Your answer should consist only of the lines below from the one with "define coef where" through the one with "unfolding wa_word_mat_Cons Cons[symmetric]", copied exactly.

Segment Start: INFORMATION SHOWN

definition hankel_rows_indep :: "('a list \<Rightarrow> 'f::field) \<Rightarrow> nat \<Rightarrow> (nat \<Rightarrow> 'a list) \<Rightarrow> bool" where
  "hankel_rows_indep g k U \<longleftrightarrow> (\<forall>c. (\<forall>v. (\<Sum>i<k. c i * g (U i @ v)) = 0) \<longrightarrow> (\<forall>i<k. c i = 0))"

definition hankel_rows_span :: "('a list \<Rightarrow> 'f::field) \<Rightarrow> nat \<Rightarrow> (nat \<Rightarrow> 'a list) \<Rightarrow> bool" where
  "hankel_rows_span g k U \<longleftrightarrow> (\<forall>w. \<exists>d. \<forall>v. g (w @ v) = (\<Sum>i<k. d i * g (U i @ v)))"

lemma hankel_row_in_span_if_dependent:
  fixes g :: "'a list \<Rightarrow> 'f::field"
  assumes indep: "hankel_rows_indep g K U"
    and dep: "\<not> hankel_rows_indep g (Suc K) (U(K := w))"
  shows "\<exists>d. \<forall>v. g (w @ v) = (\<Sum>i<K. d i * g (U i @ v))"
proof -
  obtain c where "\<forall>v. (\<Sum>i<Suc K. c i * g ((U(K := w)) i @ v)) = 0" and c_nz: "\<exists>i<Suc K. c i \<noteq> 0"
    using dep unfolding hankel_rows_indep_def by blast
  then have rel: "(\<Sum>i<K. c i * g (U i @ v)) + c K * g (w @ v) = 0" for v
    by (simp add: sum.lessThan_Suc)
  have "c K \<noteq> 0"
  proof
    assume "c K = 0"
    with rel have "\<forall>i<K. c i = 0"
      using indep unfolding hankel_rows_indep_def by simp
    with \<open>c K = 0\<close> c_nz show False by (auto simp: less_Suc_eq)
  qed
  have "g (w @ v) = (\<Sum>i<K. (- c i / c K) * g (U i @ v))" for v
  proof -
    have "g (w @ v) = c K * g (w @ v) / c K" using \<open>c K \<noteq> 0\<close> by simp
    also have "c K * g (w @ v) = - (\<Sum>i<K. c i * g (U i @ v))"
      using rel[of v] by (simp add: eq_neg_iff_add_eq_0 add.commute)
    also have "\<dots> / c K = (\<Sum>i<K. (- c i / c K) * g (U i @ v))"
      by (simp add: sum_divide_distrib sum_negf)
    finally show ?thesis .
  qed
  then show ?thesis by (intro exI[of _ "\<lambda>i. - c i / c K"]) simp
qed

lemma hankel_rows_span_exists:
  fixes g :: "'a list \<Rightarrow> 'f::field"
  assumes bounded: "\<And>k U. hankel_rows_indep g k U \<Longrightarrow> k \<le> n"
  shows "\<exists>K U. K \<le> n \<and> hankel_rows_span g K U"
proof -
  define indep_sizes where "indep_sizes = {k. \<exists>U. hankel_rows_indep g k U}"
  have "indep_sizes \<subseteq> {..n}" using bounded unfolding indep_sizes_def by auto
  then have fin: "finite indep_sizes" by (rule finite_subset) simp
  have "0 \<in> indep_sizes" unfolding indep_sizes_def hankel_rows_indep_def by simp
  define K where "K = Max indep_sizes"
  have "K \<in> indep_sizes" unfolding K_def using fin \<open>0 \<in> indep_sizes\<close> by (intro Max_in) auto
  then obtain U where U: "hankel_rows_indep g K U" and "K \<le> n"
    using bounded unfolding indep_sizes_def by blast
  have "Suc K \<notin> indep_sizes" using fin K_def Max_ge Suc_n_not_le_n by metis
  then have "hankel_rows_span g K U"
    unfolding hankel_rows_span_def indep_sizes_def
    using hankel_row_in_span_if_dependent[OF U] by blast
  with \<open>K \<le> n\<close> show ?thesis by blast
qed

text \<open>State \<open>i\<close> stands for the Hankel row of \<open>U i\<close>; the transitions out of it by \<open>a\<close> are the
  coefficients expanding the row of \<open>U i @ [a]\<close>.\<close>

lemma wa_of_hankel_rows_span:
  fixes g :: "'a list \<Rightarrow> 'f::field"
  assumes "hankel_rows_span g K U"
  shows "\<exists>M \<alpha> \<eta>. wa_wf K M \<alpha> \<eta> \<and> (\<forall>w. wa_lang K M \<alpha> \<eta> w = g w)"
proof -
  define coef where "coef w = (SOME d. \<forall>v. g (w @ v) = (\<Sum>i<K. d i * g (U i @ v)))" for w
  have coef: "g (w @ v) = (\<Sum>i<K. coef w i * g (U i @ v))" for w v
    using someI_ex[of "\<lambda>d. \<forall>v. g (w @ v) = (\<Sum>i<K. d i * g (U i @ v))"] assms
    unfolding coef_def hankel_rows_span_def by blast
  define M where "M a = mat K K (\<lambda>(i, j). coef (U i @ [a]) j)" for a
  define \<alpha> where "\<alpha> = vec K (coef [])"
  define \<eta> where "\<eta> = vec K (\<lambda>j. g (U j))"
  have M: "\<forall>a. M a \<in> carrier_mat K K" unfolding M_def by auto
  have suffix: "wa_word_mat K M w *\<^sub>v \<eta> = vec K (\<lambda>i. g (U i @ w))" for w
  proof (induction w)
    case Nil
    show ?case unfolding \<eta>_def by (simp add: wa_word_mat_def)
  next
    case (Cons a w)
    have "wa_word_mat K M (a # w) *\<^sub>v \<eta> = M a *\<^sub>v vec K (\<lambda>i. g (U i @ w))"
      unfolding wa_word_mat_Cons Cons[symmetric] using M wa_word_mat_carrier[OF M]
      by (subst assoc_mult_mat_vec[of _ K K _ K]) (auto simp: \<eta>_def)
    also have "\<dots> = vec K (\<lambda>i. g ((U i @ [a]) @ w))"
    proof (rule eq_vecI)
      fix i assume "i < dim_vec (vec K (\<lambda>i. g ((U i @ [a]) @ w)))"
      then have "i < K" by simp
      then have "(M a *\<^sub>v vec K (\<lambda>i. g (U i @ w))) $ i = (\<Sum>j<K. coef (U i @ [a]) j * g (U j @ w))"
        by (auto simp: M_def scalar_prod_def lessThan_atLeast0 intro!: sum.cong)
      with \<open>i < K\<close> show "(M a *\<^sub>v vec K (\<lambda>i. g (U i @ w))) $ i = vec K (\<lambda>i. g ((U i @ [a]) @ w)) $ i"
        by (simp add: coef[symmetric])
    qed (simp add: M_def)
    finally show ?case by simp
  qed
  have "wa_lang K M \<alpha> \<eta> w = (\<Sum>j<K. coef [] j * g (U j @ w))" for w
    by (simp add: wa_lang_def suffix \<alpha>_def scalar_prod_def lessThan_atLeast0)
  then have "wa_lang K M \<alpha> \<eta> w = g w" for w
    using coef[of "[]" w] by simp
  moreover have "wa_wf K M \<alpha> \<eta>" unfolding wa_wf_def \<alpha>_def \<eta>_def using M by auto
  ultimately show ?thesis by blast
qed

Segment End: INFORMATION SHOWN

ANSWER TO THIS EXERCISE:
  define coef where "coef w = (SOME d. \<forall>v. g (w @ v) = (\<Sum>i<K. d i * g (U i @ v)))" for w
  have coef: "g (w @ v) = (\<Sum>i<K. coef w i * g (U i @ v))" for w v
    using someI_ex[of "\<lambda>d. \<forall>v. g (w @ v) = (\<Sum>i<K. d i * g (U i @ v))"] assms
    unfolding coef_def hankel_rows_span_def by blast
  define M where "M a = mat K K (\<lambda>(i, j). coef (U i @ [a]) j)" for a
  define \<alpha> where "\<alpha> = vec K (coef [])"
  define \<eta> where "\<eta> = vec K (\<lambda>j. g (U j))"
  have M: "\<forall>a. M a \<in> carrier_mat K K" unfolding M_def by auto
  have suffix: "wa_word_mat K M w *\<^sub>v \<eta> = vec K (\<lambda>i. g (U i @ w))" for w
  proof (induction w)
    case Nil
    show ?case unfolding \<eta>_def by (simp add: wa_word_mat_def)
  next
    case (Cons a w)
    have "wa_word_mat K M (a # w) *\<^sub>v \<eta> = M a *\<^sub>v vec K (\<lambda>i. g (U i @ w))"
      unfolding wa_word_mat_Cons Cons[symmetric] using M wa_word_mat_carrier[OF M]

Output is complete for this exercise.